Records for the exercise:
(* Let $(X,Y,\phi)$ be an $L$-context and $Y'\subseteq Y$. The following are equivalent: (i) $Y\setminus Y'$ is $\phi$-reducible in RST, i.e. for every $\lambda\in L^Y$ there is $\lambda'\in L^{Y'}$ with $\phi^\forall\lambda=(\phi_{X,Y'})^\forall\lambda'$; (ii) $\phi^\forall\lambda=(\phi_{X,Y'})^\forall\big((\phi^\exists\phi^\forall\lambda)_{Y'}\big)$ for all $\lambda\in L^Y$; (iii) $\phi^\forall\phi^\exists=(\phi_{X,Y'})^\forall(\phi_{X,Y'})^\exists$ as maps $L^X\to L^X$; (iv) $\mathcal{K}\phi=\mathcal{K}\phi_{X,Y'}$ and the map $\mathcal{K}\phi\to\mathcal{K}\phi_{X,Y'}$, $\mu\mapsto(\phi_{X,Y'})^\forall(\phi_{X,Y'})^\exists\mu$, is the identity.
   Context: $L=(L,* )$ is a complete residuated lattice: a complete lattice with bottom $0$ and top $1$, equipped with a commutative associative operation $*$ with unit $1$ satisfying $a*\bigvee_i b_i=\bigvee_i a*b_i$; $\to$ is its residuum ($a*b\le c\iff a\le b\to c$). An $L$-context is a triple $(X,Y,\phi)$ with $X,Y$ sets and $\phi\colon X\times Y\to L$. $L^X$ is the set of maps $X\to L$. $(\phi^\exists\mu)(y)=\bigvee_{x\in X}\mu(x)*\phi(x,y)$ for $\mu\in L^X$, $(\phi^\forall\lambda)(x)=\bigwedge_{y\in Y}(\phi(x,y)\to\lambda(y))$ for $\lambda\in L^Y$. $\mathcal{K}\phi=\{\mu\in L^X\mid\phi^\forall\phi^\exists\mu=\mu\}$. $\phi_{X,Y'}$ is the restriction of $\phi$ to $X\times Y'$; $\lambda_{Y'}$ the restriction of $\lambda\in L^Y$ to $Y'$. *)

theory Defs
  imports Main "HOL-Library.FuncSet"
begin

definition complete_residuated_lattice ::
  "('l::complete_lattice \<Rightarrow> 'l \<Rightarrow> 'l) \<Rightarrow> ('l \<Rightarrow> 'l \<Rightarrow> 'l) \<Rightarrow> bool" where
  "complete_residuated_lattice tm res \<longleftrightarrow>
     (\<forall>a b c. tm (tm a b) c = tm a (tm b c)) \<and>
     (\<forall>a b. tm a b = tm b a) \<and>
     (\<forall>a. tm a top = a) \<and>
     (\<forall>a B. tm a (Sup B) = Sup (tm a ` B)) \<and>
     (\<forall>a b c. tm a b \<le> c \<longleftrightarrow> a \<le> res b c)"

(* Elements of L^X are represented as extensional functions in X ->E UNIV.
  The context phi is restricted to X \<times> Y by the sets passed as arguments. *)

definition ctx_exists ::
  "('l::complete_lattice \<Rightarrow> 'l \<Rightarrow> 'l) \<Rightarrow> ('x \<Rightarrow> 'y \<Rightarrow> 'l) \<Rightarrow> 'x set \<Rightarrow> 'y set
   \<Rightarrow> ('x \<Rightarrow> 'l) \<Rightarrow> ('y \<Rightarrow> 'l)" where
  "ctx_exists tm phi X Y mu = restrict (\<lambda>y. SUP x\<in>X. tm (mu x) (phi x y)) Y"

definition ctx_forall ::
  "('l::complete_lattice \<Rightarrow> 'l \<Rightarrow> 'l) \<Rightarrow> ('x \<Rightarrow> 'y \<Rightarrow> 'l) \<Rightarrow> 'x set \<Rightarrow> 'y set
   \<Rightarrow> ('y \<Rightarrow> 'l) \<Rightarrow> ('x \<Rightarrow> 'l)" where
  "ctx_forall res phi X Y lam = restrict (\<lambda>x. INF y\<in>Y. res (phi x y) (lam y)) X"

definition ctx_K ::
  "('l::complete_lattice \<Rightarrow> 'l \<Rightarrow> 'l) \<Rightarrow> ('l \<Rightarrow> 'l \<Rightarrow> 'l) \<Rightarrow> ('x \<Rightarrow> 'y \<Rightarrow> 'l)
   \<Rightarrow> 'x set \<Rightarrow> 'y set \<Rightarrow> ('x \<Rightarrow> 'l) set" where
  "ctx_K tm res phi X Y =
     {mu \<in> X \<rightarrow>\<^sub>E UNIV. ctx_forall res phi X Y (ctx_exists tm phi X Y mu) = mu}"

end

theory Submission
  imports Defs
begin

text \<open>For every attribute set Z, \<open>ctx_exists\<close> and \<open>ctx_forall\<close> form an antitone Galois
  connection, so \<open>ctx_forall Z \<circ> ctx_exists Z\<close> is a closure operator on \<open>L\<^sup>X\<close> whose
  closed elements are exactly the values of \<open>ctx_forall Z\<close>. Shrinking Y to Y' can only enlarge
  the closure. All four conditions amount to every Y-closed element being Y'-closed; then the
  Y'-closure of \<open>\<mu>\<close>, the least Y'-closed element above \<open>\<mu>\<close>, lies below the Y-closure of \<open>\<mu>\<close>,
  so the two closures coincide.\<close>

lemma restrict_ctx_exists:
  "Y' \<subseteq> Y \<Longrightarrow> restrict (ctx_exists tm phi X Y mu) Y' = ctx_exists tm phi X Y' mu"
  unfolding ctx_exists_def by (simp add: Int_absorb1)

context
  fixes tm res :: "'l::complete_lattice \<Rightarrow> 'l \<Rightarrow> 'l"
  assumes L: "complete_residuated_lattice tm res"
begin

abbreviation ctx_closure :: "('x \<Rightarrow> 'y \<Rightarrow> 'l) \<Rightarrow> 'x set \<Rightarrow> 'y set \<Rightarrow> ('x \<Rightarrow> 'l) \<Rightarrow> ('x \<Rightarrow> 'l)"
  where "ctx_closure phi X Z mu \<equiv> ctx_forall res phi X Z (ctx_exists tm phi X Z mu)"

lemma residuation: "tm a b \<le> c \<longleftrightarrow> a \<le> res b c"
  using L by (simp add: complete_residuated_lattice_def)

lemma tm_mono_left: "a \<le> a' \<Longrightarrow> tm a b \<le> tm a' b"
  by (meson order_trans order_refl residuation)

lemma res_mono_right: "c \<le> c' \<Longrightarrow> res b c \<le> res b c'"
  by (meson order_trans order_refl residuation)

lemma ctx_forall_mono:
  "(\<And>y. y \<in> Z \<Longrightarrow> lam y \<le> lam' y) \<Longrightarrow> ctx_forall res phi X Z lam \<le> ctx_forall res phi X Z lam'"
  unfolding ctx_forall_def le_fun_def by (auto intro!: INF_mono res_mono_right bexI)

lemma ctx_exists_mono:
  "(\<And>x. x \<in> X \<Longrightarrow> mu x \<le> nu x) \<Longrightarrow> ctx_exists tm phi X Z mu \<le> ctx_exists tm phi X Z nu"
  unfolding ctx_exists_def le_fun_def by (auto intro!: SUP_mono tm_mono_left bexI)

lemma le_ctx_closure: "x \<in> X \<Longrightarrow> mu x \<le> ctx_closure phi X Z mu x"
  unfolding ctx_forall_def ctx_exists_def
  by (auto intro!: INF_greatest simp flip: residuation intro: SUP_upper)

lemma ctx_exists_ctx_forall_le: "y \<in> Z \<Longrightarrow> ctx_exists tm phi X Z (ctx_forall res phi X Z lam) y \<le> lam y"
  unfolding ctx_forall_def ctx_exists_def
  by (auto intro!: SUP_least simp: residuation intro: INF_lower)

lemma ctx_closure_ctx_forall: "ctx_closure phi X Z (ctx_forall res phi X Z lam) = ctx_forall res phi X Z lam"
proof (rule antisym)
  show "ctx_closure phi X Z (ctx_forall res phi X Z lam) \<le> ctx_forall res phi X Z lam"
    by (rule ctx_forall_mono) (rule ctx_exists_ctx_forall_le)
  show "ctx_forall res phi X Z lam \<le> ctx_closure phi X Z (ctx_forall res phi X Z lam)"
  proof (rule le_funI)
    fix x
    show "ctx_forall res phi X Z lam x \<le> ctx_closure phi X Z (ctx_forall res phi X Z lam) x"
    proof (cases "x \<in> X")
      case True
      then show ?thesis by (rule le_ctx_closure)
    next
      case False
      then show ?thesis by (simp add: ctx_forall_def)
    qed
  qed
qed

lemma ctx_closure_mono:
  "(\<And>x. x \<in> X \<Longrightarrow> mu x \<le> nu x) \<Longrightarrow> ctx_closure phi X Z mu \<le> ctx_closure phi X Z nu"
  by (intro ctx_forall_mono le_funD[OF ctx_exists_mono])

lemma ctx_closure_antimono:
  assumes "Y' \<subseteq> Y"
  shows "ctx_closure phi X Y mu \<le> ctx_closure phi X Y' mu"
  using assms unfolding ctx_forall_def ctx_exists_def le_fun_def
  by (auto intro!: INF_superset_mono)

lemma ctx_closure_eq_if_closed:
  assumes sub: "Y' \<subseteq> Y"
    and closed: "ctx_closure phi X Y' (ctx_closure phi X Y mu) = ctx_closure phi X Y mu"
  shows "ctx_closure phi X Y mu = ctx_closure phi X Y' mu"
proof (rule antisym)
  show "ctx_closure phi X Y mu \<le> ctx_closure phi X Y' mu"
    using sub by (rule ctx_closure_antimono)
  have "ctx_closure phi X Y' mu \<le> ctx_closure phi X Y' (ctx_closure phi X Y mu)"
    by (rule ctx_closure_mono) (rule le_ctx_closure)
  then show "ctx_closure phi X Y' mu \<le> ctx_closure phi X Y mu"
    using closed by simp
qed

lemma ctx_exists_extensional: "ctx_exists tm phi X Z mu \<in> Z \<rightarrow>\<^sub>E UNIV"
  by (simp add: ctx_exists_def)

lemma ctx_forall_extensional: "ctx_forall res phi X Z lam \<in> X \<rightarrow>\<^sub>E UNIV"
  by (simp add: ctx_forall_def)

lemma reducible_iff_ctx_forall_closed:
  "(\<forall>lam \<in> Y \<rightarrow>\<^sub>E UNIV. \<exists>lam' \<in> Y' \<rightarrow>\<^sub>E UNIV.
      ctx_forall res phi X Y lam = ctx_forall res phi X Y' lam')
   \<longleftrightarrow> (\<forall>lam \<in> Y \<rightarrow>\<^sub>E UNIV.
      ctx_closure phi X Y' (ctx_forall res phi X Y lam) = ctx_forall res phi X Y lam)"
proof
  assume reducible: "\<forall>lam \<in> Y \<rightarrow>\<^sub>E UNIV. \<exists>lam' \<in> Y' \<rightarrow>\<^sub>E UNIV.
      ctx_forall res phi X Y lam = ctx_forall res phi X Y' lam'"
  show "\<forall>lam \<in> Y \<rightarrow>\<^sub>E UNIV.
      ctx_closure phi X Y' (ctx_forall res phi X Y lam) = ctx_forall res phi X Y lam"
  proof
    fix lam assume "lam \<in> Y \<rightarrow>\<^sub>E (UNIV :: 'l set)"
    then obtain lam' where "ctx_forall res phi X Y lam = ctx_forall res phi X Y' lam'"
      using reducible by blast
    then show "ctx_closure phi X Y' (ctx_forall res phi X Y lam) = ctx_forall res phi X Y lam"
      by (simp add: ctx_closure_ctx_forall)
  qed
next
  assume "\<forall>lam \<in> Y \<rightarrow>\<^sub>E UNIV.
      ctx_closure phi X Y' (ctx_forall res phi X Y lam) = ctx_forall res phi X Y lam"
  then show "\<forall>lam \<in> Y \<rightarrow>\<^sub>E UNIV. \<exists>lam' \<in> Y' \<rightarrow>\<^sub>E UNIV.
      ctx_forall res phi X Y lam = ctx_forall res phi X Y' lam'"
    using ctx_exists_extensional by metis
qed

lemma ctx_closures_eq_iff_ctx_forall_closed:
  assumes sub: "Y' \<subseteq> Y"
  shows "(\<forall>mu \<in> X \<rightarrow>\<^sub>E UNIV. ctx_closure phi X Y mu = ctx_closure phi X Y' mu)
   \<longleftrightarrow> (\<forall>lam \<in> Y \<rightarrow>\<^sub>E UNIV.
      ctx_closure phi X Y' (ctx_forall res phi X Y lam) = ctx_forall res phi X Y lam)"
proof
  assume closures_eq: "\<forall>mu \<in> X \<rightarrow>\<^sub>E UNIV. ctx_closure phi X Y mu = ctx_closure phi X Y' mu"
  show "\<forall>lam \<in> Y \<rightarrow>\<^sub>E UNIV.
      ctx_closure phi X Y' (ctx_forall res phi X Y lam) = ctx_forall res phi X Y lam"
  proof
    fix lam
    have "ctx_closure phi X Y' (ctx_forall res phi X Y lam)
        = ctx_closure phi X Y (ctx_forall res phi X Y lam)"
      using closures_eq[rule_format, OF ctx_forall_extensional] by (rule sym)
    then show "ctx_closure phi X Y' (ctx_forall res phi X Y lam) = ctx_forall res phi X Y lam"
      by (simp add: ctx_closure_ctx_forall)
  qed
next
  assume closed: "\<forall>lam \<in> Y \<rightarrow>\<^sub>E UNIV.
      ctx_closure phi X Y' (ctx_forall res phi X Y lam) = ctx_forall res phi X Y lam"
  show "\<forall>mu \<in> X \<rightarrow>\<^sub>E UNIV. ctx_closure phi X Y mu = ctx_closure phi X Y' mu"
  proof
    fix mu
    show "ctx_closure phi X Y mu = ctx_closure phi X Y' mu"
      using sub closed[rule_format, OF ctx_exists_extensional] by (rule ctx_closure_eq_if_closed)
  qed
qed

lemma ctx_closures_eq_iff_ctx_K_eq:
  assumes sub: "Y' \<subseteq> Y"
  shows "(\<forall>mu \<in> X \<rightarrow>\<^sub>E UNIV. ctx_closure phi X Y mu = ctx_closure phi X Y' mu)
   \<longleftrightarrow> ctx_K tm res phi X Y = ctx_K tm res phi X Y' \<and>
       (\<forall>mu \<in> ctx_K tm res phi X Y. ctx_closure phi X Y' mu = mu)"
proof
  assume "\<forall>mu \<in> X \<rightarrow>\<^sub>E UNIV. ctx_closure phi X Y mu = ctx_closure phi X Y' mu"
  then show "ctx_K tm res phi X Y = ctx_K tm res phi X Y' \<and>
       (\<forall>mu \<in> ctx_K tm res phi X Y. ctx_closure phi X Y' mu = mu)"
    by (auto simp: ctx_K_def)
next
  assume K: "ctx_K tm res phi X Y = ctx_K tm res phi X Y' \<and>
       (\<forall>mu \<in> ctx_K tm res phi X Y. ctx_closure phi X Y' mu = mu)"
  have "ctx_closure phi X Y mu \<in> ctx_K tm res phi X Y" for mu
    by (simp add: ctx_K_def ctx_closure_ctx_forall ctx_forall_extensional)
  then have "ctx_closure phi X Y' (ctx_closure phi X Y mu) = ctx_closure phi X Y mu" for mu
    by (rule K[THEN conjunct2, THEN bspec])
  then show "\<forall>mu \<in> X \<rightarrow>\<^sub>E UNIV. ctx_closure phi X Y mu = ctx_closure phi X Y' mu"
    using ctx_closure_eq_if_closed[OF sub] by blast
qed

end

theorem mainTheorem5:
  fixes tm res :: "'l::complete_lattice \<Rightarrow> 'l \<Rightarrow> 'l"
    and phi :: "'x \<Rightarrow> 'y \<Rightarrow> 'l"
    and X :: "'x set" and Y Y' :: "'y set"
  assumes L: "complete_residuated_lattice tm res"
    and sub: "Y' \<subseteq> Y"
  defines "i \<equiv> (\<forall>lam \<in> Y \<rightarrow>\<^sub>E UNIV. \<exists>lam' \<in> Y' \<rightarrow>\<^sub>E UNIV.
                   ctx_forall res phi X Y lam = ctx_forall res phi X Y' lam')"
    and "ii \<equiv> (\<forall>lam \<in> Y \<rightarrow>\<^sub>E UNIV.
                   ctx_forall res phi X Y lam =
                   ctx_forall res phi X Y'
                     (restrict (ctx_exists tm phi X Y (ctx_forall res phi X Y lam)) Y'))"
    and "iii \<equiv> (\<forall>mu \<in> X \<rightarrow>\<^sub>E UNIV.
                   ctx_forall res phi X Y (ctx_exists tm phi X Y mu) =
                   ctx_forall res phi X Y' (ctx_exists tm phi X Y' mu))"
    and "iv \<equiv> (ctx_K tm res phi X Y = ctx_K tm res phi X Y' \<and>
                (\<forall>mu \<in> ctx_K tm res phi X Y.
                   ctx_forall res phi X Y' (ctx_exists tm phi X Y' mu) = mu))"
  shows "(i \<longleftrightarrow> ii) \<and> (i \<longleftrightarrow> iii) \<and> (i \<longleftrightarrow> iv)"
proof -
  have "i \<longleftrightarrow> ii"
    unfolding i_def ii_def restrict_ctx_exists[OF sub] reducible_iff_ctx_forall_closed[OF L] by auto
  moreover have "i \<longleftrightarrow> iii"
    unfolding i_def iii_def reducible_iff_ctx_forall_closed[OF L]
    by (rule ctx_closures_eq_iff_ctx_forall_closed[OF L sub, symmetric])
  moreover have "iii \<longleftrightarrow> iv"
    unfolding iii_def iv_def by (rule ctx_closures_eq_iff_ctx_K_eq[OF L sub])
  ultimately show ?thesis by blast
qed

end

Exercise directions: Count every line of the data above where "thesis" appears, and give the total only.

Answer box: 3